You do not really want to that because any filtered/corrected/... data will most likely not be full integers anymore so you would corrupt your data.
I did not check, but should the incoming data not be int32?
And yes, MiniSEED does not pack float data at all and just writes the raw binary numbers to the file. Integer numbers on the other hand are (for "quiet" data at least) packed quite efficiently with a best case compression ratio of, I believe, almost 1:7 for STEIM2 compression. So a filesize increase of 200% (you have 400% because you store the data as float64) is still quite within bounds.
The filesize also depends, although to a lesser degree, on the record length. Larger record lengths will result in a smaller file because the header is written less often.

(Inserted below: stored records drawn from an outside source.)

lemma sum_card_fun_upd_less:
  assumes "finite A" "i \<in> A" "card X < card (Y i)"
  shows "(\<Sum>l\<in>A. card ((Y(i := X)) l)) < (\<Sum>l\<in>A. card (Y l))"
proof (rule sum_strict_mono_ex1[OF assms(1)])
  show "\<forall>l\<in>A. card ((Y(i := X)) l) \<le> card (Y l)" using assms(3) by simp
  show "\<exists>l\<in>A. card ((Y(i := X)) l) < card (Y l)" using assms(2,3) by (intro bexI[of _ i]) simp_all
qed

lemma weighted_count_le_pair_weight:
  fixes k J M m :: nat and g :: real
  assumes kJ: "k = 2 ^ J" and g: "0 < g"
    and small: "(2 + g) * cos (pi / (2 * k)) ^ M \<le> g / (2 * k)"
    and Y: "\<And>i. i < m \<Longrightarrow> Y i \<subseteq> {..<2 * k}"
  shows "weighted_count k g m Y s \<le> real k ^ ((J + 1) * M) * (\<Prod>i<m. pair_weight k (card (Y i)))"
  using Y
proof (induction "\<Sum>i<m. card (Y i)" arbitrary: Y rule: less_induct)
  case less
  show ?case
  proof (cases "\<exists>i<m. 3 \<le> card (Y i)")
    case False
    then have "card (Y i) \<le> 2" if "i < m" for i using that not_less_eq_eq by force
    then show ?thesis
      using less.prems by (intro weighted_count_le_pair_weight_of_card_le_2[OF kJ g small]) auto
  next
    case True
    then obtain i where i: "i < m" "3 \<le> card (Y i)" by blast
    have fin: "finite (Y i)" using less.prems[OF i(1)] by (rule finite_subset) simp
    obtain P where P: "P \<subseteq> Y i" "card P = 2"
      using obtain_subset_with_card_n[of 2 "Y i"] i(2) by auto
    define R where "R = Y i - P"
    have R: "card R + 2 = card (Y i)" "finite P" "finite R"
      using P fin i(2) by (simp_all add: R_def card_Diff_subset finite_subset)
    define B where "B X = real k ^ ((J + 1) * M) * (\<Prod>l<m. pair_weight k (card ((Y(i := X)) l)))" for X
    have IH: "weighted_count k g m (Y(i := X)) s \<le> B X" if "X \<subseteq> Y i" "card X < card (Y i)" for X
      unfolding B_def
    proof (rule less.hyps)
      show "(\<Sum>l<m. card ((Y(i := X)) l)) < (\<Sum>l<m. card (Y l))"
        using i(1) that(2) by (intro sum_card_fun_upd_less) simp_all
      show "(Y(i := X)) l \<subseteq> {..<2 * k}" if "l < m" for l
        using less.prems[OF that] less.prems[OF i(1)] \<open>X \<subseteq> Y i\<close> by auto
    qed
    have "weighted_count k g m Y s
        = weighted_count k g m (Y(i := P)) s + weighted_count k g m (Y(i := R)) s"
      by (rule weighted_count_split[where Y = Y, OF i(1) _ R(2,3)]) (use P in \<open>auto simp: R_def\<close>)
    also have "\<dots> \<le> B P + B R"
    proof (intro add_mono IH)
      show "card P < card (Y i)" "card R < card (Y i)" using P(2) R(1) i(2) by linarith+
    qed (use P(1) in \<open>simp_all add: R_def\<close>)
    also have "\<dots> = B (Y i)"
    proof -
      have "pair_weight k (card (Y i)) = pair_weight k (card P) + pair_weight k (card R)"
        using R(1) P(2) pair_weight_add_2[of k "card R"] by simp
      then show ?thesis unfolding B_def prod_pair_weight_upd[OF i(1)] by (simp add: algebra_simps)
    qed
    finally show ?thesis by (simp add: B_def)
  qed
qed

definition score :: "real \<Rightarrow> nat \<Rightarrow> nat \<Rightarrow> ptree \<Rightarrow> (nat \<Rightarrow> nat) \<Rightarrow> real" where
  "score g n k T x =
     (if clicks n T x then if ghzP n k (\<lambda>i. run T x i = Some True) x = 0 then - (1 + g) else 1 else 0)"

definition valid_in :: "nat \<Rightarrow> nat \<Rightarrow> (nat \<Rightarrow> nat set) \<Rightarrow> (nat \<Rightarrow> nat) set" where
  "valid_in n k S = {x \<in> rect n S. (\<Sum>i<n. x i) mod k = 0}"

lemma validD_eq_valid_in: "validD n k = valid_in n k (\<lambda>_. {..<k})"
  by (simp add: validD_def valid_in_def inputs_eq_rect)

lemma finite_valid_in: "(\<And>i. i < n \<Longrightarrow> finite (S i)) \<Longrightarrow> finite (valid_in n k S)"
  unfolding valid_in_def by (simp add: finite_rect)

lemma real_le_pow2_ceiling_log:
  assumes "1 \<le> t"
  shows "real t \<le> 2 ^ nat \<lceil>log 2 (real t)\<rceil>"
proof -
  have "real t = 2 powr (log 2 (real t))" using assms by simp
  also have "\<dots> \<le> 2 powr \<lceil>log 2 (real t)\<rceil>" by (intro powr_mono) auto
  also have "\<dots> = 2 ^ nat \<lceil>log 2 (real t)\<rceil>"
    using assms by (simp add: powr_realpow[symmetric])
  finally show ?thesis .
qed

lemma sum_score_Node:
  assumes "p < n" "\<And>v. v \<in> S p \<Longrightarrow> f v < length ts" "\<And>i. i < n \<Longrightarrow> finite (S i)"
  shows "(\<Sum>x\<in>valid_in n k S. score g n k (Node p f ts) x)
    = (\<Sum>c<length ts. \<Sum>x\<in>valid_in n k (S(p := {v \<in> S p. f v = c})). score g n k (ts ! c) x)"
proof -
  define S' where "S' c = S(p := {v \<in> S p. f v = c})" for c
  have part: "valid_in n k S = (\<Union>c<length ts. valid_in n k (S' c))"
    using assms(1,2) by (auto simp: valid_in_def rect_def S'_def)
  have fin: "finite (valid_in n k (S' c))" for c
    using assms(3) by (intro finite_valid_in) (simp add: S'_def)
  have disj: "valid_in n k (S' c) \<inter> valid_in n k (S' c') = {}" if "c \<noteq> c'" for c c'
    using assms(1) that by (auto simp: valid_in_def rect_def S'_def)
  have run: "score g n k (Node p f ts) x = score g n k (ts ! c) x" if "x \<in> valid_in n k (S' c)" for c x
  proof -
    have "x p \<in> S p" "f (x p) = c" using that assms(1) by (auto simp: valid_in_def rect_def S'_def)
    then have "run (Node p f ts) x = run (ts ! c) x" using assms(2) by auto
    then show ?thesis unfolding score_def clicks_def by (simp only:)
  qed
  show ?thesis
    unfolding part S'_def[symmetric] using fin disj
    by (simp add: sum.UNION_disjoint run)
qed

lemma sum_score_le_tree:
  fixes K :: real
  assumes leaf: "\<And>lam S. (\<And>i. i < n \<Longrightarrow> S i \<subseteq> {..<k}) \<Longrightarrow>
      (\<Sum>x\<in>valid_in n k S. score g n k (Leaf lam) x) \<le> K"
    and "0 \<le> K"
  shows "wf_tree n k T \<Longrightarrow> (\<And>i. i < n \<Longrightarrow> S i \<subseteq> {..<k}) \<Longrightarrow>
    (\<Sum>x\<in>valid_in n k S. score g n k T x) \<le> 2 ^ bits T * K"
proof (induction T arbitrary: S)
  case (Leaf lam)
  then show ?case using leaf[of S lam] by simp
next
  case (Node p f ts)
  define b where "b = Max (set (0 # map bits ts))"
  have wf: "p < n" "ts \<noteq> []" "\<And>v. v < k \<Longrightarrow> f v < length ts" "\<And>c. c < length ts \<Longrightarrow> wf_tree n k (ts ! c)"
    using Node.prems(1) by (auto simp: list_all_length)
  have S: "S i \<subseteq> {..<k}" "finite (S i)" if "i < n" for i
    using Node.prems(2)[OF that] by (auto intro: finite_subset)
  have "(\<Sum>x\<in>valid_in n k S. score g n k (Node p f ts) x)
      = (\<Sum>c<length ts. \<Sum>x\<in>valid_in n k (S(p := {v \<in> S p. f v = c})). score g n k (ts ! c) x)"
    using S(1)[OF wf(1)] by (intro sum_score_Node wf(1) S(2)) (auto intro: wf(3))
  also have "\<dots> \<le> (\<Sum>c<length ts. 2 ^ b * K)"
  proof (rule sum_mono)
    fix c assume c: "c \<in> {..<length ts}"
    have "(\<Sum>x\<in>valid_in n k (S(p := {v \<in> S p. f v = c})). score g n k (ts ! c) x) \<le> 2 ^ bits (ts ! c) * K"
      using c S(1) by (intro Node.IH wf(4)) auto
    also have "\<dots> \<le> 2 ^ b * K"
      using c \<open>0 \<le> K\<close> by (intro mult_right_mono power_increasing) (auto simp: b_def)
    finally show "(\<Sum>x\<in>valid_in n k (S(p := {v \<in> S p. f v = c})). score g n k (ts ! c) x) \<le> 2 ^ b * K" .
  qed
  also have "\<dots> = real (length ts) * (2 ^ b * K)" by simp
  also have "\<dots> \<le> 2 ^ nat \<lceil>log 2 (real (length ts))\<rceil> * (2 ^ b * K)"
    using wf(2) \<open>0 \<le> K\<close> by (intro mult_right_mono real_le_pow2_ceiling_log) (auto simp: Suc_le_eq)
  also have "\<dots> = 2 ^ bits (Node p f ts) * K" by (simp add: b_def power_add)
  finally show ?case .
qed
(* Let $w\geqslant2$ and $h=2^d$ with $d\in\mathbb{N}$. Then $r(\mathcal{H}_{h,w})=h$, where $\mathcal{H}_{h,w}$ is the set of fast Hough transform patterns on the $h\times w$ image.
   Context: Image: the set $I$ of $wh$ pixels $p_{ij}$, $i=0,\dots,h-1$ (row, counted from the bottom), $j=0,\dots,w-1$ (column). A pattern is a nonempty subset of $I$; a pattern set is a nonempty set of distinct patterns. For a pattern set $\mathcal{T}$, its intersection area is $S(\mathcal{T})=|\mathcal{T}|\cdot\bigl|\bigcap_{T\in\mathcal{T}}T\bigr|$ and its self-intersection measure is $r(\mathcal{T})=\max_{\varnothing\neq\mathcal{R}\subseteq\mathcal{T}}S(\mathcal{R})$. FHT patterns: for a pattern $T$ containing exactly one pixel in each of its rows, let $\Delta(T)=(j_{top}-j_{bot})\bmod w$, where $j_{top},j_{bot}$ are the column indices of the topmost and bottommost pixels of $T$, and let $\mathit{tran}_{a,b}(T)=\{p_{i+a,\,(j+b)\bmod w}\mid p_{ij}\in T\}$. Define $\mathcal{H}_0=\{\{p_{00}\},\{p_{01}\},\dots,\{p_{0,w-1}\}\}$ and, for $k=1,\dots,d$, $\mathcal{H}_k=\{T\cup\mathit{tran}_{2^{k-1},\,\Delta(T)+s}(T)\mid T\in\mathcal{H}_{k-1},\ s\in\{0,1\}\}$; $\mathcal{H}_{h,w}=\mathcal{H}_d$. *)

theory Defs
  imports Main
begin

text \<open>A pixel p_ij is the pair (i, j): i = row (counted from the bottom), j = column.\<close>
type_synonym pixel = "nat \<times> nat"

definition image :: "nat \<Rightarrow> nat \<Rightarrow> pixel set" where
  "image h w = {0..<h} \<times> {0..<w}"

definition inter_area :: "pixel set set \<Rightarrow> nat" where
  "inter_area \<T> = card \<T> * card (\<Inter>\<T>)"

definition self_inter :: "pixel set set \<Rightarrow> nat" where
  "self_inter \<T> = Max {inter_area \<R> | \<R>. \<R> \<subseteq> \<T> \<and> \<R> \<noteq> {}}"

definition col :: "pixel set \<Rightarrow> nat \<Rightarrow> nat" where
  "col T i = (THE j. (i, j) \<in> T)"

definition Delta :: "nat \<Rightarrow> pixel set \<Rightarrow> nat" where
  "Delta w T = nat ((int (col T (Max (fst ` T))) - int (col T (Min (fst ` T)))) mod int w)"

definition tran :: "nat \<Rightarrow> nat \<Rightarrow> nat \<Rightarrow> pixel set \<Rightarrow> pixel set" where
  "tran w a b T = {(i + a, (j + b) mod w) | i j. (i, j) \<in> T}"

fun FHT :: "nat \<Rightarrow> nat \<Rightarrow> pixel set set" where
  "FHT w 0 = {{(0, j)} | j. j < w}"
| "FHT w (Suc k) = {T \<union> tran w (2 ^ k) (Delta w T + s) T | T s. T \<in> FHT w k \<and> s \<in> {0, 1}}"

end

theory Submission
  imports Defs
begin

(*
  A pattern of H_{k+1} is T together with a copy of T placed on top of it and shifted
  cyclically by Delta(T) + s columns, where T is in H_k and s is 0 or 1. Its lower half is T
  and its upper half, a cyclic shift of T, again lies in H_k. For a family R in H_{k+1} the
  common part of R therefore splits into the common part of the lower halves L and that of
  the upper halves U. Each half is the half of at most two patterns of R, so |R| <= 2|L| and
  |R| <= 2|U|; this settles the case that one of the two common parts is empty. If both are
  nonempty, both half maps are injective on R, because for w >= 2 shifts of a pattern by
  c and c + 1 columns are disjoint. Then S(R) = S(L) + S(U) <= 2^k + 2^k by induction,
  and a single pattern attains 2^(k+1).
*)

definition row_pattern :: "nat \<Rightarrow> nat \<Rightarrow> pixel set \<Rightarrow> bool" where
  "row_pattern h w T \<longleftrightarrow> T \<subseteq> image h w \<and> (\<forall>i<h. \<exists>!j. (i, j) \<in> T)"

In your case I would just convert the data to float32 and store it with encoding 4 (float32^^).
Best wishes,
Lion
[anonymous] Lion,
I know ;) I just wanted to figure if he stores the data again in int32 (which was the original data type) if this results into significant larger files - if this is the case than its not the conversion of int/float which increases the file size - instead there is something different going on - e.g. change of sampling rate etc
Robert
[krischer] Heyhey,
ah ok. I didn't think of that possibility.
There are also some other things that could happen, like if there is a significant gap between the traces before they are merged with the interpolate option which would actually create new data.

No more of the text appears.